NM highway 174, known as Catwalk Road, is a skinny, paved road to the Catwalk. There are many water crossing but this is the only one that had water in it.
The view from the parking lot.
Gold and silver were discovered here by James C. Cooney, a soldier stationed at Fort Bayard, just east of Silver City. Cooney could do nothing
to develop his discoveries until he was discharged from the service in 1875. He then organized a party to prospect the district.
Among them was John Lambert who found rich gold and silver ore just above Whitewater Creek. The mill lasted only about 10 years. About 1908 the mill and
pipeline were dismantled and the materials were sold. The canyon was left undisturbed until the mid-1930's when the Civialian Conservation Corp (CCC) rebuilt the
Catwalk as a recreation attraction for the Gila National Forest. The Forest Service has rebuilt the Catwalk several times after devastating floods have taken their toll.
Notice the prickly pear cactus growing out of the side of the cliff.
In 1978, 1 mile of the historic Catwalk pipeline route was designated a National Recreation Trail (NRT).
We have no idea what this is. The door has a lock on it and a pipe runs into the stone from the side.
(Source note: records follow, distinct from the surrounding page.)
lemma set_integral_abs_le_L2norm:
  assumes f: "L2 f"
  shows "(LINT x:{0<..<1}|lborel. \<bar>f x\<bar>) \<le> L2norm f"
proof -
  define c where "c = (LINT x:{0<..<1}|lborel. \<bar>f x\<bar>)"
  have sq: "set_integrable lborel {0<..<1} (\<lambda>x. (f x)\<^sup>2)"
    using f by (simp add: L2_def)
  have abs: "set_integrable lborel {0<..<1} (\<lambda>x. \<bar>f x\<bar>)"
    using set_integrable_abs[OF L2_set_integrable[OF f]] .
  have one: "set_integrable lborel {0<..<1::real} (\<lambda>x. 1::real)"
    using L2_continuous[of "\<lambda>x. 1"] by (simp add: L2_def)
  \<comment> \<open>Cauchy-Schwarz on an interval of measure 1: expand \<open>0 \<le> \<integral>(\<bar>f\<bar> - c)\<^sup>2\<close>\<close>
  have "0 \<le> (f x)\<^sup>2 - 2 * c * \<bar>f x\<bar> + c\<^sup>2 * 1" for x
    using zero_le_power2[of "\<bar>f x\<bar> - c"] by (simp add: power2_eq_square algebra_simps)
  then have "0 \<le> (LINT x:{0<..<1}|lborel. (f x)\<^sup>2 - 2 * c * \<bar>f x\<bar> + c\<^sup>2 * 1)"
    unfolding set_lebesgue_integral_def by (intro integral_nonneg_AE) (simp add: indicator_def)
  also have "\<dots> = (LINT x:{0<..<1}|lborel. (f x)\<^sup>2 - 2 * c * \<bar>f x\<bar>)
      + (LINT x:{0<..<1::real}|lborel. c\<^sup>2 * 1)"
    by (intro set_integral_add(2) set_integral_diff(1) set_integrable_mult_right sq abs one)
  also have "(LINT x:{0<..<1}|lborel. (f x)\<^sup>2 - 2 * c * \<bar>f x\<bar>) = (LINT x:{0<..<1}|lborel. (f x)\<^sup>2) - 2 * c * c"
    using sq abs by (simp add: set_integral_diff flip: c_def)
  also have "(LINT x:{0<..<1::real}|lborel. c\<^sup>2 * 1) = c\<^sup>2"
    by (simp add: set_integral_const)
  finally have "c\<^sup>2 \<le> (LINT x:{0<..<1}|lborel. (f x)\<^sup>2)" by (simp add: power2_eq_square)
  then show ?thesis
    unfolding L2norm_def c_def[symmetric] by (rule real_le_rsqrt)
qed

definition window_integral :: "real \<Rightarrow> real \<Rightarrow> (real \<Rightarrow> real) \<Rightarrow> real" where
  "window_integral a b f = (LINT x:{a..b}|lborel. f x)"

lemma L2_set_integrable_window:
  assumes "L2 f" "0 < a" "b < 1"
  shows "set_integrable lborel {a..b} f"
  using L2_set_integrable[OF assms(1)] by (rule set_integrable_subset) (use assms in auto)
About 34 million years ago violent volcanic eruptions caused pyroclastic (pyro = fire, clastic = fragment) flows. Instead of a tall mountain with one eruption
chamber, there were several magma chambers spread over many miles. The volcanoes collapsed to form the Bursum caldera - a large, bowl shaped depression
that stretches from the Catwalk to Gila Cliff Dwellings, some 30 miles away. the pryoclastic flows that make up the rocks in
Whitewater Canyon are called Cooney Tuff or volcanic rhyolite. This basic igneous rock was changed by pressure
and heat from volcano action, earthquakes and movement of land. Faults formed in the rock masses. Water followed these faults and created this slot canyon.
There have been more than 15 major floods in the canyon in the last 40 years. The catwalk is suspended about 10 feet (depending on water levels) above
Notice how the water carved the lower rock into a "C" shape? The water no longer falls on this rock until the water level raises.
We just about stepped on this dude. It's some species of caterpillar in the genus Automeris. These are giant silkmoths.
The falls at the swimming pool.
The steps down to the pool.
These 55 steps along the trail had only 2" of drop between each one.
This iron bridge was flown into the canyon by helicopter in three separate sections in the 1980's.
View upstream from the helicopter bridge.
Some of the boulders on the canyon floor were huge.
You see remnants of the late 1800's gold and silver mining in a lot of places along the canyon. This was a support for the pipe.
The suspension bridge near the end of the Catwalk trail.
The end of the rail. So we turned around and headed back.
Under the suspension bridge you could really see how the water has carved the rocks.
Nolan thinks he's the helicopter that brought in the helicopter bridge.
Love how they used two pipeline supports from the 1800's to surround the steps up to the helicopter bridge.
This part of the trail to the catwalk is handicap accessible. Notice how they used rock bolts to stabilized the cliff face.
This is just like the bug that climbed Nolan's leg at the Gila Cliff Dwellings. It's called a Pleasing Fungas Beetle, scientific name Gibbifer californicus
This is a variety of Big Legged Bugs. Yeah, I know that sounds like I am making it up but honestly, I'm not. I'll keep looking online to see if I can identify it.
I think this is a Fendler Globemallow flower.
More flowers for me to try to identify.